The second reason why humans are winning is that Omicron, while hyper-transmissible, has lost some of the SARS-CoV-2 disease-causing capability (pathogenicity). Here are the now 7 reports, 5 in highly regarded animal models where Omicron was given, and 2 in vitro lab studies of lung cells. All are consistent in showing the reduced lung cell infectivity, lung organ reduced viral load , infectivity, and inflammation.

So between our immunity wall of defense versus Omicron and its decreased intrinsic virulence, why are people getting so sick, hospitalized, and dying? That’s the virus 1 score, because there are so many unvaccinated, vaccinated but waned (unboosted) people out there. Among the unvaccinated are people with prior Covid, but that only provides markedly reduced protection versus Omicron as compared with prior variants due to its antigenic drift. There’a also children who are less than age 5, not eligible to be vaccinated. The immunocompromised people represent a substantial group well over 7 million people in the United States, so that even with third shots they still have some vulnerability due to their incomplete immunity defense that can be built. That gets us to the variable immunity wall in any given place for how its population will respond to the Omicron challenge.
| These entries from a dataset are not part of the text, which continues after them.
(* Consider the splitting scheme, with constant matrices $\gamma,\sigma\in\mathbb{R}^{3N\times3N}$ satisfying $\sigma\sigma^T=\frac2\beta\gamma$, time step $\Delta t>0$, and i.i.d. standard Gaussian vectors $(\mathcal{G}^n)_{n\ge0},(\mathcal{G}^{n+1/2})_{n\ge0}$ in $\mathbb{R}^{3N}$: (1) $p^{n+1/4}=p^n-\frac{\Delta t}4\gamma M^{-1}(p^n+p^{n+1/4})+\sqrt{\frac{\Delta t}2}\sigma\mathcal{G}^n+\nabla\xi(q^n)\lambda^{n+1/4}$, with $\nabla\xi(q^n)^TM^{-1}p^{n+1/4}=0$; (2) $p^{n+1/2}=p^{n+1/4}-\frac{\Delta t}2\nabla V(q^n)+\nabla\xi(q^n)\lambda^{n+1/2}$, $q^{n+1}=q^n+\Delta t\,M^{-1}p^{n+1/2}$, $\xi(q^{n+1})=z$, $p^{n+3/4}=p^{n+1/2}-\frac{\Delta t}2\nabla V(q^{n+1})+\nabla\xi(q^{n+1})\lambda^{n+3/4}$, with $\nabla\xi(q^{n+1})^TM^{-1}p^{n+3/4}=0$; (3) $p^{n+1}=p^{n+3/4}-\frac{\Delta t}4\gamma M^{-1}(p^{n+3/4}+p^{n+1})+\sqrt{\frac{\Delta t}2}\sigma\mathcal{G}^{n+1/2}+\nabla\xi(q^{n+1})\lambda^{n+1}$, with $\nabla\xi(q^{n+1})^TM^{-1}p^{n+1}=0$; where the $\lambda$'s in $\mathbb{R}^m$ are Lagrange multipliers enforcing the indicated constraints. Suppose that $\frac{\Delta t}4\gamma=M=\frac{\Delta t}2\mathrm{Id}$. Then any sequence of iterates of this scheme satisfies the Euler scheme $$q^{n+1}=q^n-\Delta t\,\nabla V(q^n)+\sqrt{\frac{2\Delta t}\beta}\,\widetilde{\mathcal{G}}^n+\nabla\xi(q^n)\lambda^{n+1}_{\rm od},\qquad \xi(q^{n+1})=z,$$ where $\widetilde{\mathcal{G}}^n=\frac{\sqrt\beta}2\sigma\mathcal{G}^n$ are i.i.d. centered normalized Gaussian vectors and $\lambda^{n+1}_{\rm od}=\lambda^{n+1/4}+2\lambda^{n+1/2}\in\mathbb{R}^m$ is the Lagrange multiplier associated with the constraint $\xi(q^{n+1})=z$. Moreover, with $G(q)=\nabla\xi(q)^T\nabla\xi(q)$, $$2\lambda^{n+1/2}=G^{-1}(q^n)\Big(\nabla\xi(q^n)^T(q^{n+1}-q^n)+\Delta t\,\nabla\xi(q^n)^T\nabla V(q^n)\Big)=\lambda^{n+1}_{\rm od}+\sqrt{\frac{2\Delta t}\beta}\,G^{-1}(q^n)\nabla\xi(q^n)^T\widetilde{\mathcal{G}}^n,$$ $$2\lambda^{n+3/4}=G^{-1}(q^{n+1})\Big(\nabla\xi(q^{n+1})^T(q^n-q^{n+1})+\Delta t\,\nabla\xi(q^{n+1})^T\nabla V(q^{n+1})\Big).$$
   Context: $q,p\in\mathbb{R}^{3N}$, $V:\mathbb{R}^{3N}\to\mathbb{R}$ smooth, $\beta>0$, $M$ a symmetric positive definite mass matrix. $\xi:\mathbb{R}^{3N}\to\mathbb{R}^m$ smooth, $\nabla\xi(q)=(\nabla\xi_1(q),\dots,\nabla\xi_m(q))\in\mathbb{R}^{3N\times m}$, with $\nabla\xi^TM^{-1}\nabla\xi$ invertible on $\{\xi=z\}$. Under the condition $\frac{\Delta t}4\gamma=M=\frac{\Delta t}2\mathrm{Id}$, $M$ and $\gamma$ are scalar multiples of the identity and $\sigma\sigma^T=\frac4\beta\mathrm{Id}$. *)

theory Defs
  imports "HOL-Analysis.Analysis"
begin

end

theory Submission
  imports Defs
begin

text \<open>For \<open>M = (\<Delta>t/2) Id\<close> and \<open>\<gamma> = 2 Id\<close> the implicit friction step has
  \<open>(\<Delta>t/4) \<gamma> M\<^sup>-\<^sup>1 = Id\<close>, so the old momentum cancels and \<open>2 p(n+1/4)\<close> is just noise plus
  a constraint force. The drift \<open>q(n+1) = q(n) + 2 p(n+1/2)\<close> is then exactly an Euler step of the
  constrained overdamped dynamics. Each multiplier is recovered by applying \<open>\<nabla>\<xi>\<^sup>T\<close> to its
  momentum update: the momentum it produces is tangent, so only \<open>\<nabla>\<xi>\<^sup>T\<nabla>\<xi> \<lambda>\<close> survives,
  and this Gram matrix is invertible on the constraint manifold.\<close>

lemma matrix_inv_unique:
  fixes A B :: "'a::field^'n^'n"
  assumes "A ** B = mat 1"
  shows "matrix_inv A = B"
proof -
  have BA: "B ** A = mat 1" using assms matrix_left_right_inverse by blast
  have "A ** matrix_inv A = mat 1 \<and> matrix_inv A ** A = mat 1"
    unfolding matrix_inv_def by (rule someI[of _ B]) (use assms BA in simp)
  then have "matrix_inv A = (B ** A) ** matrix_inv A \<and> B ** (A ** matrix_inv A) = B"
    using BA by simp
  then show ?thesis by (metis matrix_mul_assoc)
qed

lemma matrix_inv_left:
  fixes A :: "'a::semiring_1^'n^'m"
  assumes "invertible A"
  shows "matrix_inv A ** A = mat 1"
proof -
  have "A ** matrix_inv A = mat 1 \<and> matrix_inv A ** A = mat 1"
    using assms unfolding matrix_inv_def invertible_def by (rule someI_ex)
  then show ?thesis ..
qed

lemma matrix_inv_mult_vector_cancel:
  fixes A :: "'a::comm_semiring_1^'n^'m"
  assumes "invertible A"
  shows "matrix_inv A *v (A *v x) = x"
  by (simp add: matrix_vector_mul_assoc matrix_inv_left[OF assms])

lemma gram_matrix_inv_cancel:
  fixes J :: "'a::field^'m^'n"
  assumes "invertible (transpose J ** J)"
  shows "matrix_inv (transpose J ** J) *v (transpose J *v (J *v l)) = l"
  using matrix_inv_mult_vector_cancel[OF assms] by (simp only: matrix_vector_mul_assoc)

lemma matrix_inv_scaleR_mat_1:
  fixes c :: real
  assumes "c \<noteq> 0"
  shows "matrix_inv (c *\<^sub>R mat 1 :: real^'n^'n) = inverse c *\<^sub>R mat 1"
  by (rule matrix_inv_unique) (simp add: assms matrix_scalar_ac flip: scalar_matrix_assoc)

lemma invertible_scaleR_iff:
  fixes A :: "real^'n^'m"
  assumes "c \<noteq> 0"
  shows "invertible (c *\<^sub>R A) \<longleftrightarrow> invertible A"
  using scalar_invertible[of c A] scalar_invertible[of "inverse c" "c *\<^sub>R A"] assms by auto

lemma constrained_kick_drift_is_Euler_step:
  fixes q q' p14 p12 g w :: "real^'n" and J :: "real^'m^'n" and l14 l12 :: "real^'m"
  assumes gram: "invertible (transpose J ** J)"
    and kick: "2 *\<^sub>R p14 = c *\<^sub>R w + J *v l14"
    and tangent: "transpose J *v p14 = 0"
    and force: "p12 = p14 - (dt / 2) *\<^sub>R g + J *v l12"
    and drift: "q' = q + 2 *\<^sub>R p12"
  shows "q' = q - dt *\<^sub>R g + c *\<^sub>R w + J *v (l14 + 2 *\<^sub>R l12)"
    and "2 *\<^sub>R l12 = matrix_inv (transpose J ** J) *v (transpose J *v (q' - q) + dt *\<^sub>R (transpose J *v g))"
    and "2 *\<^sub>R l12 = (l14 + 2 *\<^sub>R l12) + c *\<^sub>R (matrix_inv (transpose J ** J) *v (transpose J *v w))"
proof -
  have step: "q' - q = 2 *\<^sub>R p14 - dt *\<^sub>R g + J *v (2 *\<^sub>R l12)"
    using drift force by (simp add: algebra_simps)
  then show "q' = q - dt *\<^sub>R g + c *\<^sub>R w + J *v (l14 + 2 *\<^sub>R l12)"
    using kick by (simp add: algebra_simps)
  have "transpose J *v (q' - q) + dt *\<^sub>R (transpose J *v g) = transpose J *v (J *v (2 *\<^sub>R l12))"
    using tangent unfolding step by (simp add: algebra_simps del: transpose_matrix_vector)
  then show "2 *\<^sub>R l12 = matrix_inv (transpose J ** J) *v (transpose J *v (q' - q) + dt *\<^sub>R (transpose J *v g))"
    using gram_matrix_inv_cancel[OF gram] by (simp del: transpose_matrix_vector)
  have "transpose J *v (c *\<^sub>R w + J *v l14) = 0"
    unfolding kick[symmetric] using tangent by (simp add: matrix_vector_mult_scaleR del: transpose_matrix_vector)
  then have "matrix_inv (transpose J ** J) *v (c *\<^sub>R (transpose J *v w) + transpose J *v (J *v l14)) = 0"
    by (simp add: algebra_simps del: transpose_matrix_vector)
  then have "c *\<^sub>R (matrix_inv (transpose J ** J) *v (transpose J *v w)) + l14 = 0"
    by (simp add: gram_matrix_inv_cancel[OF gram] matrix_vector_right_distrib matrix_vector_mult_scaleR del: transpose_matrix_vector)
  then show "2 *\<^sub>R l12 = (l14 + 2 *\<^sub>R l12) + c *\<^sub>R (matrix_inv (transpose J ** J) *v (transpose J *v w))"
    by (simp add: algebra_simps)
qed

lemma constrained_force_multiplier:
  fixes q q' p12 p34 g :: "real^'n" and J :: "real^'m^'n" and l34 :: "real^'m"
  assumes gram: "invertible (transpose J ** J)"
    and drift: "q' = q + 2 *\<^sub>R p12"
    and force: "p34 = p12 - (dt / 2) *\<^sub>R g + J *v l34"
    and tangent: "transpose J *v p34 = 0"
  shows "2 *\<^sub>R l34 = matrix_inv (transpose J ** J) *v (transpose J *v (q - q') + dt *\<^sub>R (transpose J *v g))"
proof -
  have p12: "p12 = p34 + (dt / 2) *\<^sub>R g - J *v l34"
    using force by (simp add: algebra_simps)
  have step: "q - q' = - 2 *\<^sub>R p34 - dt *\<^sub>R g + J *v (2 *\<^sub>R l34)"
    unfolding drift p12 by (simp add: algebra_simps)
  have "transpose J *v (q - q') + dt *\<^sub>R (transpose J *v g) = transpose J *v (J *v (2 *\<^sub>R l34))"
    using tangent unfolding step by (simp add: algebra_simps del: transpose_matrix_vector)
  then show ?thesis
    using gram_matrix_inv_cancel[OF gram] by (simp del: transpose_matrix_vector)
qed

theorem mainTheorem3:
  fixes N :: nat and \<beta> dt :: real and z :: "real ^ 'm"
    and V :: "real ^ 'n \<Rightarrow> real" and gradV :: "real ^ 'n \<Rightarrow> real ^ 'n"
    and \<xi> :: "real ^ 'n \<Rightarrow> real ^ 'm" and grad\<xi> :: "real ^ 'n \<Rightarrow> real ^ 'm ^ 'n"
    and M \<gamma> \<sigma> :: "real ^ 'n ^ 'n"
    and q p p14 p12 p34 G0 Ghalf :: "nat \<Rightarrow> real ^ 'n"
    and l14 l12 l34 l1 :: "nat \<Rightarrow> real ^ 'm"
  assumes dim: "CARD('n) = 3 * N"
    and beta_pos: "\<beta> > 0" and dt_pos: "dt > 0"
    and V_grad: "\<And>x. (V has_derivative (\<lambda>h. gradV x \<bullet> h)) (at x)"
    and xi_grad: "\<And>x. (\<xi> has_derivative (\<lambda>h. transpose (grad\<xi> x) *v h)) (at x)"
    and Gram_inv: "\<And>x. \<xi> x = z \<Longrightarrow> invertible (transpose (grad\<xi> x) ** matrix_inv M ** grad\<xi> x)"
    and sigma_gamma: "\<sigma> ** transpose \<sigma> = (2 / \<beta>) *\<^sub>R \<gamma>"
    and gamma_M: "(dt / 4) *\<^sub>R \<gamma> = M"
    and M_id: "M = (dt / 2) *\<^sub>R mat 1"
    and init: "\<xi> (q 0) = z"
    and step1: "\<And>n. p14 n = p n - (dt / 4) *\<^sub>R ((\<gamma> ** matrix_inv M) *v (p n + p14 n))
                 + sqrt (dt / 2) *\<^sub>R (\<sigma> *v G0 n) + grad\<xi> (q n) *v l14 n"
    and cons1: "\<And>n. transpose (grad\<xi> (q n)) *v (matrix_inv M *v p14 n) = 0"
    and step2a: "\<And>n. p12 n = p14 n - (dt / 2) *\<^sub>R gradV (q n) + grad\<xi> (q n) *v l12 n"
    and step2b: "\<And>n. q (Suc n) = q n + dt *\<^sub>R (matrix_inv M *v p12 n)"
    and cons2: "\<And>n. \<xi> (q (Suc n)) = z"
    and step2c: "\<And>n. p34 n = p12 n - (dt / 2) *\<^sub>R gradV (q (Suc n)) + grad\<xi> (q (Suc n)) *v l34 n"
    and cons3: "\<And>n. transpose (grad\<xi> (q (Suc n))) *v (matrix_inv M *v p34 n) = 0"
    and step3: "\<And>n. p (Suc n) = p34 n - (dt / 4) *\<^sub>R ((\<gamma> ** matrix_inv M) *v (p34 n + p (Suc n)))
                 + sqrt (dt / 2) *\<^sub>R (\<sigma> *v Ghalf n) + grad\<xi> (q (Suc n)) *v l1 n"
    and cons4: "\<And>n. transpose (grad\<xi> (q (Suc n))) *v (matrix_inv M *v p (Suc n)) = 0"
  shows "(\<beta> / 4) *\<^sub>R (\<sigma> ** transpose \<sigma>) = mat 1 \<and>
    (\<forall>n. let Gt = (sqrt \<beta> / 2) *\<^sub>R (\<sigma> *v G0 n);
             lod = l14 n + 2 *\<^sub>R l12 n;
             J0 = grad\<xi> (q n); J1 = grad\<xi> (q (Suc n));
             Gr0 = transpose J0 ** J0; Gr1 = transpose J1 ** J1
         in q (Suc n) = q n - dt *\<^sub>R gradV (q n) + sqrt (2 * dt / \<beta>) *\<^sub>R Gt + J0 *v lod
          \<and> \<xi> (q (Suc n)) = z
          \<and> 2 *\<^sub>R l12 n = matrix_inv Gr0 *v (transpose J0 *v (q (Suc n) - q n)
                              + dt *\<^sub>R (transpose J0 *v gradV (q n)))
          \<and> 2 *\<^sub>R l12 n = lod + sqrt (2 * dt / \<beta>) *\<^sub>R (matrix_inv Gr0 *v (transpose J0 *v Gt))
          \<and> 2 *\<^sub>R l34 n = matrix_inv Gr1 *v (transpose J1 *v (q n - q (Suc n))
                              + dt *\<^sub>R (transpose J1 *v gradV (q (Suc n)))))"
proof -
  have dt: "dt \<noteq> 0" using dt_pos by simp
  have gamma: "\<gamma> = 2 *\<^sub>R mat 1"
  proof -
    have "\<gamma> = (4 / dt) *\<^sub>R ((dt / 4) *\<^sub>R \<gamma>)" using dt by simp
    then show ?thesis using dt by (simp add: gamma_M M_id)
  qed
  have M_inv_apply: "matrix_inv M *v x = (2 / dt) *\<^sub>R x" for x
    using dt by (simp add: M_id matrix_inv_scaleR_mat_1 flip: scaleR_matrix_vector_assoc)
  have friction: "(dt / 4) *\<^sub>R ((\<gamma> ** matrix_inv M) *v x) = x" for x
    using dt by (simp add: gamma M_inv_apply flip: matrix_vector_mul_assoc scaleR_matrix_vector_assoc)
  have on_manifold: "\<xi> (q n) = z" for n
    by (cases n) (simp_all add: init cons2)
  have gram: "invertible (transpose (grad\<xi> (q n)) ** grad\<xi> (q n))" for n
    using Gram_inv[OF on_manifold[of n]] dt
    by (simp add: M_id matrix_inv_scaleR_mat_1 matrix_scalar_ac invertible_scaleR_iff flip: scalar_matrix_assoc)
  have noise_scale: "sqrt (dt / 2) = sqrt (2 * dt / \<beta>) * (sqrt \<beta> / 2)"
  proof -
    have "sqrt (dt / 2) = sqrt ((2 * dt / \<beta>) * (\<beta> / 4))" using beta_pos by simp
    then show ?thesis by (simp add: real_sqrt_mult real_sqrt_divide)
  qed
  have kick: "2 *\<^sub>R p14 n = sqrt (2 * dt / \<beta>) *\<^sub>R ((sqrt \<beta> / 2) *\<^sub>R (\<sigma> *v G0 n)) + grad\<xi> (q n) *v l14 n" for n
    using step1[of n, unfolded friction] by (simp add: noise_scale algebra_simps scaleR_2)
  have drift: "q (Suc n) = q n + 2 *\<^sub>R p12 n" for n
    using step2b[of n] dt by (simp add: M_inv_apply)
  have tangent: "transpose (grad\<xi> (q n)) *v p14 n = 0" "transpose (grad\<xi> (q (Suc n))) *v p34 n = 0" for n
    using cons1[of n] cons3[of n] dt by (simp_all add: M_inv_apply matrix_vector_mult_scaleR del: transpose_matrix_vector)
  have fluctuation_dissipation: "(\<beta> / 4) *\<^sub>R (\<sigma> ** transpose \<sigma>) = mat 1"
    using beta_pos by (simp add: sigma_gamma gamma)
  show ?thesis
    unfolding Let_def
    using fluctuation_dissipation cons2
      constrained_kick_drift_is_Euler_step[OF gram kick tangent(1) step2a drift]
      constrained_force_multiplier[OF gram drift step2c tangent(2)]
    by blast
qed

end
I’ve never heard the term “decoupling” as much as in the pandemic during its Delta and Omicron waves. It has essentially been used to describe a disproportionate relationship between cases as compared with hospitalizations or deaths. That is shown below for London’s Omicron wave

Graph by Paul Mainwood showing the decoupling of cases vs hospitalizations and deaths in London’t current Omicron wave in comparison to the prior Alpha wave

Indeed, clinical severity of Omicron has been shown to be 72% less in Gauteng ,South Africa (adjusted for multiple co-variates) and 60-70% reduced in the UK recent report cited above. This likely represents both the immunity wall and Omicron’s reduced virulence, but it isn’t possible to parse out how much of each. That these 2 very different populations have a similar reduction in clinical severity is notable: South Africa with only ~25% vaccination and very high prior Covid (with the Beta variant, with the most immune evasion prior to Omicron), in contrast to the UK with high vaccination and boosting, and high prior exposure.

Omicron will play out with considerable variability in decoupling by place and population. The United States is particularly vulnerable. There is a particularly low rate of fully vaccinated (62%, ranking below 66th for fully vaccinated in the world’s country list) and low rate of booster shots (21%, similarly raking well below the UK and Denmark at >50%; both of these countries have withstood marked increases in hospitalization and deaths to date, i.e maintained relative decoupling).

Hospitalizations have already exceeded 114,000 today and are increasing rapidly. The US had minimal decoupling in the Delta wave from cases to hospitalizations, reaching ~70% of its peak, unlike many countries that were well <40% of prior peaks. The same applied for deaths. The UK hit ~10% of its Alpha peak whereas the US was 60% of its fatality peak during the 1st Delta wave. So it remains to be seen in the US how much decoupling will take hold. We know that most people who get hospitalized or die are going to be unvaccinated, and to a lesser extent vaccinated and waned. As reviewed, the vaccine-induced immunity wall will largely protect from severe disease. We are clearly seeing this now via the substantial reduction of ICU need among those hospitalized with Covid in the United States.

The basic problem: while we have a very smart immune system that is vaccine- trained to defend surprisingly well against severe disease by a hyper-mutated, hyper -transmissible virus, too many humans have not gotten on board. We’ll nevertheless win this battle, fortunate to have 2 major points in our favor.